[Extracted data entries]
lemma integral_cnj_rcis_power_mult_power_series:
  fixes c :: "nat \<Rightarrow> complex" and H :: "real \<Rightarrow> complex"
  assumes "0 \<le> \<rho>"
    and H: "\<And>\<theta>. (\<lambda>m. c m * rcis \<rho> \<theta> ^ m) sums H \<theta>"
    and "summable (\<lambda>m. norm (c m) * \<rho>^m)"
  shows "integral {0..2*pi} (\<lambda>\<theta>. cnj (rcis \<rho> \<theta>) ^ n * H \<theta>) = of_real (2*pi*\<rho>^(2*n)) * c n"
proof -
  define u where "u m \<theta> = c m * (cnj (rcis \<rho> \<theta>) ^ n * rcis \<rho> \<theta> ^ m)" for m \<theta>
  have "(\<lambda>m. integral {0..2*pi} (u m)) sums integral {0..2*pi} (\<lambda>\<theta>. \<Sum>m. u m \<theta>)"
  proof (rule sums_integral_Weierstrass)
    show "continuous_on {0..2*pi} (u m)" for m
      unfolding u_def by (intro continuous_intros)
    show "norm (u m \<theta>) \<le> \<rho>^n * (norm (c m) * \<rho>^m)" for m \<theta>
      using \<open>0 \<le> \<rho>\<close> by (simp add: u_def norm_mult norm_power cnj_rcis)
    show "summable (\<lambda>m. \<rho>^n * (norm (c m) * \<rho>^m))"
      using assms(3) by (rule summable_mult)
  qed
  moreover have "(\<Sum>m. u m \<theta>) = cnj (rcis \<rho> \<theta>) ^ n * H \<theta>" for \<theta>
    using sums_mult[OF H[of \<theta>], of "cnj (rcis \<rho> \<theta>) ^ n"] by (simp add: u_def sums_iff mult_ac)
  moreover have "integral {0..2*pi} (u m) = (if m = n then of_real (2*pi*\<rho>^(2*m)) * c m else 0)" for m
    unfolding u_def integral_mult_right integral_cnj_rcis_power_mult_power by simp
  ultimately have "(\<lambda>m. if m = n then of_real (2*pi*\<rho>^(2*m)) * c m else 0)
      sums integral {0..2*pi} (\<lambda>\<theta>. cnj (rcis \<rho> \<theta>) ^ n * H \<theta>)"
    by simp
  from sums_unique2[OF this sums_single] show ?thesis
    by simp
qed

lemma integral_cnj_power_series_mult_power_series:
  fixes b c :: "nat \<Rightarrow> complex" and G H :: "real \<Rightarrow> complex"
  assumes "0 \<le> \<rho>"
    and G: "\<And>\<theta>. (\<lambda>n. b n * rcis \<rho> \<theta> ^ n) sums G \<theta>"
    and H: "\<And>\<theta>. (\<lambda>n. c n * rcis \<rho> \<theta> ^ n) sums H \<theta>"
    and "continuous_on {0..2*pi} H"
    and b: "summable (\<lambda>n. norm (b n) * \<rho>^n)"
    and c: "summable (\<lambda>n. norm (c n) * \<rho>^n)"
  shows "(\<lambda>n. of_real (2*pi*\<rho>^(2*n)) * (cnj (b n) * c n))
           sums integral {0..2*pi} (\<lambda>\<theta>. cnj (G \<theta>) * H \<theta>)"
proof -
  define K where "K = (\<Sum>n. norm (c n) * \<rho>^n)"
  have H_bound: "norm (H \<theta>) \<le> K" for \<theta>
  proof -
    have "summable (\<lambda>n. norm (c n * rcis \<rho> \<theta> ^ n))"
      using c \<open>0 \<le> \<rho>\<close> by (simp add: norm_mult norm_power)
    moreover have "H \<theta> = (\<Sum>n. c n * rcis \<rho> \<theta> ^ n)"
      using H[of \<theta>] by (simp add: sums_iff)
    ultimately have "norm (H \<theta>) \<le> (\<Sum>n. norm (c n * rcis \<rho> \<theta> ^ n))"
      by (simp add: summable_norm)
    also have "\<dots> = K"
      using \<open>0 \<le> \<rho>\<close> by (simp add: K_def norm_mult norm_power)
    finally show ?thesis .
  qed
  define u where "u n \<theta> = cnj (b n) * (cnj (rcis \<rho> \<theta>) ^ n * H \<theta>)" for n \<theta>
  have "(\<lambda>n. integral {0..2*pi} (u n)) sums integral {0..2*pi} (\<lambda>\<theta>. \<Sum>n. u n \<theta>)"
  proof (rule sums_integral_Weierstrass)
    show "continuous_on {0..2*pi} (u n)" for n
      unfolding u_def by (intro continuous_intros assms(4))
    show "norm (u n \<theta>) \<le> K * (norm (b n) * \<rho>^n)" for n \<theta>
    proof -
      have "norm (u n \<theta>) = (norm (b n) * \<rho>^n) * norm (H \<theta>)"
        using \<open>0 \<le> \<rho>\<close> by (simp add: u_def norm_mult norm_power cnj_rcis)
      also have "\<dots> \<le> (norm (b n) * \<rho>^n) * K"
        using H_bound \<open>0 \<le> \<rho>\<close> by (intro mult_left_mono) auto
      finally show ?thesis by (simp add: mult_ac)
    qed
    show "summable (\<lambda>n. K * (norm (b n) * \<rho>^n))"
      using b by (rule summable_mult)
  qed
  moreover have "(\<Sum>n. u n \<theta>) = cnj (G \<theta>) * H \<theta>" for \<theta>
  proof -
    have "(\<lambda>n. cnj (b n * rcis \<rho> \<theta> ^ n)) sums cnj (G \<theta>)"
      using G[of \<theta>] by (simp only: sums_cnj)
    then have "(\<lambda>n. cnj (b n * rcis \<rho> \<theta> ^ n) * H \<theta>) sums (cnj (G \<theta>) * H \<theta>)"
      by (rule sums_mult2)
    then show ?thesis by (simp add: u_def sums_iff mult_ac)
  qed
  moreover have "integral {0..2*pi} (u n) = of_real (2*pi*\<rho>^(2*n)) * (cnj (b n) * c n)" for n
    unfolding u_def integral_mult_right integral_cnj_rcis_power_mult_power_series[OF \<open>0 \<le> \<rho>\<close> H c]
    by (simp add: mult_ac)
  ultimately show ?thesis by simp
qed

▶ **Your objective**: Search the records above for the string "dots". Report each line that has it.

▶ **Your solution**:
    also have "\<dots> = K"
      also have "\<dots> \<le> (norm (b n) * \<rho>^n) * K"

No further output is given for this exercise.